Note that we can bring rank 73 to rank 15 by increasing the NN weight to 5. But this is sort of an extreme measure and we will not follow it here.

Instead we wonder: how will the weighting affect the other queries? Let's re-run the NDCG computation and compare it against unweighted WSB.

In [None]:
index_builder_unweighted = make_index_builder()

In [None]:
nbutils.plot_ndcgs(gold, {
    "wsb_unweighted": index_builder_unweighted.build_index(),
    "wsb_weighted": tag_weighted_index_builder.build_index()
})

So we have shown that we considerably increased our accuracy through employing weighting.

# Interactive Searches with Your Own Data

First specify the text documents you want to search through by an upload widget:

In [None]:
import ipywidgets as widgets

upload = widgets.FileUpload(
    accept='.txt',
    multiple=True
)

upload

From this upload widget contents, we now build a Vectorian session we can perform search through. As always with Vectorian session, we need to specify the embeddings the want to employ for searching. We also need an `nlp` instance for importing the text documents. Depending on the size and number of documents, this step can take some time.

In [None]:
from vectorian.importers import StringImporter
from vectorian.session import LabSession

import codecs


def files_to_session(upload):
    im = StringImporter(nlp)
    
    if not upload.value:
        raise RuntimeError("cannot run on empty upload")

    docs = []
    for k, data in upload.value.items():
        docs.append(im(
            codecs.decode(data["content"], encoding="utf-8"),
            title=k,
            unique_id=k))

    return LabSession(
        docs,
        embeddings=[
            emb_numberbatch,
            emb_fasttext],
        normalizers="default")

upload_session = files_to_session(upload)
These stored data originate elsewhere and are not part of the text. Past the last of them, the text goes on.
lemma finite_subset_hull_finite_subset:
  assumes "finite X" and "S \<subseteq> C" and "X \<subseteq> right_coideal src tgt C hull S"
  obtains F where "finite F" "F \<subseteq> S" "X \<subseteq> right_coideal src tgt C hull F"
proof -
  have "\<exists>F. finite F \<and> F \<subseteq> S \<and> X \<subseteq> right_coideal src tgt C hull F"
    using assms(1,3)
  proof (induction X rule: finite_induct)
    case empty
    show ?case by auto
  next
    case (insert x X)
    then obtain F1 where "finite F1" "F1 \<subseteq> S" "X \<subseteq> right_coideal src tgt C hull F1"
      by auto
    moreover obtain F2 where "finite F2" "F2 \<subseteq> S" "x \<in> right_coideal src tgt C hull F2"
      using mem_hull_finite_subset[OF \<open>S \<subseteq> C\<close>] insert.prems by auto
    moreover have "right_coideal src tgt C hull F1 \<union> right_coideal src tgt C hull F2
        \<subseteq> right_coideal src tgt C hull (F1 \<union> F2)"
      by (rule hull_Un_subset)
    ultimately show ?case
      by (intro exI[of _ "F1 \<union> F2"]) auto
  qed
  then show thesis
    using that by auto
qed

lemma independent_mp_if_irredundant:
  assumes F: "F \<subseteq> multipaths src tgt C"
    and irredundant: "\<And>x. x \<in> F \<Longrightarrow> x \<notin> right_coideal src tgt C hull (F - {x})"
  shows "independent_mp src tgt C F"
proof -
  have FC: "F \<subseteq> C"
    using F by (auto simp: multipaths_def)
  have "x \<notin> V.span (F - {x})" if "x \<in> F" for x
  proof -
    have "V.subspace (right_coideal src tgt C hull (F - {x}))"
      using right_coideal_hull[OF C, of "F - {x}"] FC by (auto simp: right_coideal_def)
    then have "V.span (F - {x}) \<subseteq> right_coideal src tgt C hull (F - {x})"
      by (intro V.span_minimal hull_subset)
    then show ?thesis
      using irredundant[OF that] by auto
  qed
  then have "\<not> V.dependent F"
    by (auto simp: V.dependent_def)
  moreover have "coideal_gen src tgt C x \<inter> F = {x}" if "x \<in> F" for x
  proof -
    have "y = x" if "y \<in> F" "y \<in> right_coideal src tgt C hull {x}" for y
    proof (rule ccontr)
      assume "y \<noteq> x"
      then have "right_coideal src tgt C hull {x} \<subseteq> right_coideal src tgt C hull (F - {y})"
        using \<open>x \<in> F\<close> by (intro hull_mono) auto
      then show False
        using irredundant[OF \<open>y \<in> F\<close>] \<open>y \<in> right_coideal src tgt C hull {x}\<close> by auto
    qed
    then show ?thesis
      using that FC coideal_gen_eq_hull[OF C, of x] hull_inc[of x "{x}"] by auto
  qed
  ultimately show ?thesis
    using F by (simp add: independent_mp_def)
qed

lemma finite_independent_generating_subset:
  assumes "finite X" and "generates src tgt C X I"
    and B: "B \<subseteq> multipaths src tgt C" and "generates src tgt C B I"
  obtains F where "F \<subseteq> B" "finite F" "independent_mp src tgt C F" "generates src tgt C F I"
proof -
  have X: "X \<subseteq> C" "I = right_coideal src tgt C hull X"
    and "B \<subseteq> C" and I: "I = right_coideal src tgt C hull B"
    using assms by (simp_all add: generates_iff_hull[OF C])
  then obtain F0 where "finite F0" "F0 \<subseteq> B" "X \<subseteq> right_coideal src tgt C hull F0"
    using finite_subset_hull_finite_subset[OF \<open>finite X\<close> \<open>B \<subseteq> C\<close>] hull_subset by metis
  have "right_coideal src tgt C hull X \<subseteq> right_coideal src tgt C hull F0"
    using hull_mono[OF \<open>X \<subseteq> right_coideal src tgt C hull F0\<close>, where S = "right_coideal src tgt C"]
    by simp
  moreover have "right_coideal src tgt C hull F0 \<subseteq> right_coideal src tgt C hull B"
    using \<open>F0 \<subseteq> B\<close> by (rule hull_mono)
  ultimately have "right_coideal src tgt C hull F0 = I"
    using X(2) I by auto
  moreover obtain F where "F \<subseteq> F0" "right_coideal src tgt C hull F = right_coideal src tgt C hull F0"
    and irredundant: "\<forall>x\<in>F. x \<notin> right_coideal src tgt C hull (F - {x})"
    using hull_irredundant_subset[OF \<open>finite F0\<close>] by blast
  moreover have "F \<subseteq> B"
    using \<open>F \<subseteq> F0\<close> \<open>F0 \<subseteq> B\<close> by blast
  ultimately have "generates src tgt C F I"
    using \<open>B \<subseteq> C\<close> by (auto simp: generates_iff_hull[OF C])
  moreover have "independent_mp src tgt C F"
    using \<open>F \<subseteq> B\<close> B irredundant by (intro independent_mp_if_irredundant) auto
  moreover have "finite F"
    using \<open>F \<subseteq> F0\<close> \<open>finite F0\<close> by (rule finite_subset)
  ultimately show thesis
    using that \<open>F \<subseteq> B\<close> by blast
qed

end

lemma Delta_trivial_left:
  assumes "f \<in> pathcoalg src tgt"
  shows "Delta src tgt f ((v, []), q) = (if psource q = v then f q else 0)"
  using assms by (cases q) (auto simp: pathcoalg_def Delta_def is_path_def ptarget_def psource_def)

lemma Delta_trivial_right:
  assumes "f \<in> pathcoalg src tgt"
  shows "Delta src tgt f (p, (w, [])) = (if ptarget tgt p = w then f p else 0)"
  using assms by (cases p) (auto simp: pathcoalg_def Delta_def is_path_def ptarget_def psource_def)

definition restrict_endpoints :: "('a \<Rightarrow> 'v) \<Rightarrow> ('v \<times> 'a list \<Rightarrow> 'k::zero) \<Rightarrow> 'v \<Rightarrow> 'v \<Rightarrow> 'v \<times> 'a list \<Rightarrow> 'k" where
  "restrict_endpoints tgt f v w = (\<lambda>p. if psource p = v \<and> ptarget tgt p = w then f p else 0)"

lemma restrict_endpoints_mem:
  assumes sc: "subcoalgebra src tgt C" and "f \<in> C"
  shows "restrict_endpoints tgt f v w \<in> C"
proof -
  have C: "V.subspace C" and path: "C \<subseteq> pathcoalg src tgt"
    and Delta: "\<And>g. g \<in> C \<Longrightarrow> Delta src tgt g \<in> tensor C C"
    using sc by (auto simp: subcoalgebra_def)
  define g where "g = (\<lambda>q. if psource q = v then f q else 0)"
  have "f \<in> pathcoalg src tgt"
    using \<open>f \<in> C\<close> path by blast
  then have "g = (\<lambda>q. Delta src tgt f ((v, []), q))"
    by (simp add: Delta_trivial_left g_def)
  then have "g \<in> C"
    using tensor_row_mem[OF C Delta[OF \<open>f \<in> C\<close>]] by simp
  moreover have "g \<in> pathcoalg src tgt"
    using \<open>g \<in> C\<close> path by blast
  then have "restrict_endpoints tgt f v w = (\<lambda>p. Delta src tgt g (p, (w, [])))"
    by (auto simp: Delta_trivial_right restrict_endpoints_def g_def)
  ultimately show ?thesis
    using tensor_column_mem[OF C Delta[OF \<open>g \<in> C\<close>]] by simp
qed

lemma multipath_restrict_endpoints:
  assumes "f \<in> pathcoalg src tgt" and "restrict_endpoints tgt f v w \<noteq> 0"
  shows "multipath src tgt (restrict_endpoints tgt f v w)"
proof -
  have "{p. restrict_endpoints tgt f v w p \<noteq> 0} \<subseteq> {p. f p \<noteq> 0}"
    by (auto simp: restrict_endpoints_def)
  moreover have "finite {p. f p \<noteq> 0}" and "\<And>p. f p \<noteq> 0 \<Longrightarrow> is_path src tgt p"
    using assms(1) by (auto simp: pathcoalg_def)
  ultimately have "restrict_endpoints tgt f v w \<in> pathcoalg src tgt"
    unfolding pathcoalg_def by (auto intro: finite_subset)
  then show ?thesis
    using assms(2) by (auto simp: multipath_def restrict_endpoints_def split: if_splits)
qed

lemma sum_restrict_endpoints:
  assumes "f \<in> pathcoalg src tgt"
  defines "E \<equiv> (\<lambda>p. (psource p, ptarget tgt p)) ` {p. f p \<noteq> 0}"
  shows "finite E" and "f = (\<Sum>(v, w)\<in>E. restrict_endpoints tgt f v w)"
proof -
  show "finite E"
    using assms by (simp add: pathcoalg_def)
  have "(\<Sum>(v, w)\<in>E. restrict_endpoints tgt f v w) p = f p" for p
  proof -
    have "(\<Sum>(v, w)\<in>E. restrict_endpoints tgt f v w) p
        = (\<Sum>e\<in>E. if (psource p, ptarget tgt p) = e then f p else 0)"
      unfolding sum_fun_apply by (intro sum.cong) (auto simp: restrict_endpoints_def split: if_splits)
    also have "\<dots> = f p"
      using \<open>finite E\<close> by (auto simp: sum.delta' E_def)
    finally show ?thesis .
  qed
  then show "f = (\<Sum>(v, w)\<in>E. restrict_endpoints tgt f v w)"
    by auto
qed

lemma subcoalgebra_subset_span_multipaths:
  assumes sc: "subcoalgebra src tgt C"
  shows "C \<subseteq> V.span (multipaths src tgt C)"
proof
  fix f assume "f \<in> C"
  then have f: "f \<in> pathcoalg src tgt"
    using sc by (auto simp: subcoalgebra_def)
  have "restrict_endpoints tgt f v w \<in> V.span (multipaths src tgt C)" for v w
  proof (cases "restrict_endpoints tgt f v w = 0")
    case True
    then show ?thesis by (simp add: V.span_zero)
  next
    case False
    then show ?thesis
      using multipath_restrict_endpoints[OF f] restrict_endpoints_mem[OF sc \<open>f \<in> C\<close>]
      by (intro V.span_base) (simp add: multipaths_def)
  qed
  then show "f \<in> V.span (multipaths src tgt C)"
    by (subst sum_restrict_endpoints(2)[OF f]) (auto intro: V.span_sum)
qed

lemma generates_multipaths:
  assumes sc: "subcoalgebra src tgt C"
  shows "generates src tgt C (multipaths src tgt C) C"
proof -
  have "C \<subseteq> J" if "right_coideal src tgt C J" and "multipaths src tgt C \<subseteq> J" for J
  proof -
    have "V.span (multipaths src tgt C) \<subseteq> J"
      using that by (intro V.span_minimal) (auto simp: right_coideal_def)
    then show ?thesis
      using subcoalgebra_subset_span_multipaths[OF sc] by blast
  qed
  then show ?thesis
    using subcoalgebra_right_coideal_self[OF sc] by (auto simp: generates_def multipaths_def)
qed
Now we present the full interactive search interface the Vectorian offers (we have hidden it so far and focussed on a subset). Note that in contrast to our experiments earlier, we do not search on the *document* level by default, but rather the *sentence* level - i.e. we split each document into sentences and then search on each sentence. You can change this in the "Partition" dropdown.

In [None]:
upload_session.interact(nlp)

# Literaturliste

Pennington, Jeffrey, et al. “Glove: Global Vectors for Word Representation.” Proceedings of the 2014 Conference on Empirical Methods in Natural Language Processing (EMNLP), Association for Computational Linguistics, 2014, pp. 1532–43. DOI.org (Crossref), doi:10.3115/v1/D14-1162.
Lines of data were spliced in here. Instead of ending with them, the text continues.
lemma measure_Tset: "D \<in> sets M \<Longrightarrow> measure M (Tset M T n D) = measure M D"
  using Tset_eq_vimage[OF sets.sets_into_space] measure_Tpow_vimage by metis

lemma Tset_subset_space: "D \<subseteq> space M \<Longrightarrow> Tset M T n D \<subseteq> space M"
  unfolding Tset_def using Tpow_space by auto

lemma Tset_space: "Tset M T n (space M) = space M"
  using Tset_eq_vimage[of "space M" n] Tpow_space by auto

lemma Tset_0: "Tset M T 0 D = D"
  by (simp add: Tset_def Tpow_def)

lemma Tset_add: "D \<subseteq> space M \<Longrightarrow> Tset M T (a + b) D = Tset M T a (Tset M T b D)"
  unfolding Tset_def image_comp using Tpow_add by (auto intro!: image_cong)

lemma Tset_Diff:
  "A \<subseteq> space M \<Longrightarrow> B \<subseteq> space M \<Longrightarrow> Tset M T n (A - B) = Tset M T n A - Tset M T n B"
  unfolding Tset_def by (rule inj_on_image_set_diff[OF inj_on_Tpow]) auto

lemma Tset_Int:
  "A \<subseteq> space M \<Longrightarrow> B \<subseteq> space M \<Longrightarrow> Tset M T n (A \<inter> B) = Tset M T n A \<inter> Tset M T n B"
  unfolding Tset_def by (rule inj_on_image_Int[OF inj_on_Tpow]) auto

lemma Tset_sym_diff:
  "A \<subseteq> space M \<Longrightarrow> B \<subseteq> space M \<Longrightarrow>
    Tset M T n (sym_diff A B) = sym_diff (Tset M T n A) (Tset M T n B)"
  using Tset_Diff by (simp add: Tset_def image_Un)

lemma measure_sym_diff_Tset_uminus:
  assumes A: "A \<in> sets M"
  shows "measure M (sym_diff A (Tset M T (- p) A)) = measure M (sym_diff A (Tset M T p A))"
proof -
  have sA: "A \<subseteq> space M" using A sets.sets_into_space by auto
  have "Tset M T (- p) (sym_diff A (Tset M T p A)) = sym_diff (Tset M T (- p) A) A"
    using Tset_sym_diff[OF sA Tset_subset_space[OF sA]] Tset_add[OF sA, of "- p" p]
    by (simp add: Tset_0)
  then show ?thesis
    using measure_Tset[of "sym_diff A (Tset M T p A)" "- p"] A sets_Tset[OF A]
    by (simp add: Un_commute)
qed

lemma measure_sym_diff_Tset_multiple_eq_0:
  assumes A: "A \<in> sets M" and null: "measure M (sym_diff A (Tset M T p A)) = 0"
  shows "measure M (sym_diff A (Tset M T (int k * p) A)) = 0"
proof (induction k)
  case 0
  show ?case by (simp add: Tset_0)
next
  case (Suc k)
  have sA: "A \<subseteq> space M" using A sets.sets_into_space by auto
  define B where "B = Tset M T (int k * p) A"
  have B: "B \<in> sets M" unfolding B_def using A by (rule sets_Tset)
  have shift: "Tset M T (int (Suc k) * p) A = Tset M T p B"
    using Tset_add[OF sA, of p "int k * p"] by (simp add: B_def algebra_simps)
  have "sym_diff A (Tset M T p B) \<subseteq>
      sym_diff A (Tset M T p A) \<union> sym_diff (Tset M T p A) (Tset M T p B)"
    by (rule sym_diff_subset_Un)
  then have "sym_diff A (Tset M T (int (Suc k) * p) A) \<subseteq>
      sym_diff A (Tset M T p A) \<union> Tset M T p (sym_diff A B)"
    unfolding shift Tset_sym_diff[OF sA sets.sets_into_space[OF B]] .
  moreover have "sym_diff A (Tset M T p A) \<in> sets M"
    using A by (intro sets.Un sets.Diff sets_Tset)
  moreover have "Tset M T p (sym_diff A B) \<in> sets M"
    using A B by (intro sets.Un sets.Diff sets_Tset)
  moreover note null
  moreover have "measure M (Tset M T p (sym_diff A B)) = 0"
    using measure_Tset[of "sym_diff A B" p] A B Suc.IH by (simp add: B_def)
  ultimately show ?case
    by (rule measure_zero_if_subset_Un_null)
qed

text \<open>Weak mixing is phrased with forward iterates \<open>T\<^sup>n\<close>, \<open>n \<ge> 0\<close>, whose preimages are the
  images under \<open>T\<^sup>-\<^sup>n\<close>; this is why the period is replaced by \<open>- \<bar>p\<bar>\<close>.\<close>

lemma weak_mixing_null_sym_diff_Tset:
  assumes wm: "weak_mixing M T" and A: "A \<in> sets M" and p: "p \<noteq> 0"
    and null: "measure M (sym_diff A (Tset M T p A)) = 0"
  shows "measure M A = 0 \<or> measure M A = 1"
proof (rule ccontr)
  assume "\<not> ?thesis"
  then have "0 < measure M A" "measure M A < 1"
    using measure_nonneg[of M A] prob_le_1[of A] by (auto simp: less_le)
  then have a: "0 < measure M A - measure M A * measure M A"
    using mult_strict_left_mono[of "measure M A" 1 "measure M A"] by simp
  define q where "q = nat \<bar>p\<bar>"
  have q: "0 < q" using p q_def by simp
  have "- int q = p \<or> - int q = - p" using q_def by linarith
  then have null_q: "measure M (sym_diff A (Tset M T (- int q) A)) = 0"
    using null measure_sym_diff_Tset_uminus[OF A, of p] by (elim disjE) simp_all
  define g where
    "g n = \<bar>measure M (A \<inter> ((T ^^ n) -` A \<inter> space M)) - measure M A * measure M A\<bar>" for n
  have nonneg: "0 \<le> g n" for n
    unfolding g_def by simp
  have on_multiples: "g (k * q) = measure M A - measure M A * measure M A" for k
  proof -
    have "(T ^^ (k * q)) -` A \<inter> space M = Tset M T (int k * - int q) A"
      using funpow_vimage_eq_Tset[OF sets.sets_into_space[OF A], of "k * q"] by simp
    moreover have "measure M (A \<inter> Tset M T (int k * - int q) A) = measure M A"
      by (rule measure_Int_eq_if_null_sym_diff[OF A sets_Tset[OF A]
            measure_sym_diff_Tset_multiple_eq_0[OF A null_q]])
    ultimately show ?thesis using a unfolding g_def by simp
  qed
  have "(\<lambda>N. (\<Sum>n<N. g n) / real N) \<longlonglongrightarrow> 0"
    using wm A unfolding weak_mixing_def g_def by fast
  with Cesaro_mean_not_tendsto_0[where g = g, OF q a nonneg on_multiples] show False ..
qed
Mikolov, Tomas, et al. “Advances in Pre-Training Distributed Word Representations.” ArXiv:1712.09405 [Cs], Dec. 2017. arXiv.org, http://arxiv.org/abs/1712.09405.

Speer, Robyn, et al. “ConceptNet 5.5: An Open Multilingual Graph of General Knowledge.” ArXiv:1612.03975 [Cs], Dec. 2018. arXiv.org, http://arxiv.org/abs/1612.03975.

Reimers, Nils, and Iryna Gurevych. “Sentence-BERT: Sentence Embeddings Using Siamese BERT-Networks.” ArXiv:1908.10084 [Cs], Aug. 2019. arXiv.org, http://arxiv.org/abs/1908.10084.

Liebl, Bernhard, and Manuel Burghardt. “‘Shakespeare in the Vectorian Age’ – An Evaluation of Different Word Embeddings and NLP Parameters for the Detection of Shakespeare Quotes.” Proceedings of the The 4th Joint SIGHUM Workshop on Computational Linguistics for Cultural Heritage, Social Sciences, Humanities and Literature, 2020, pp. 56–58.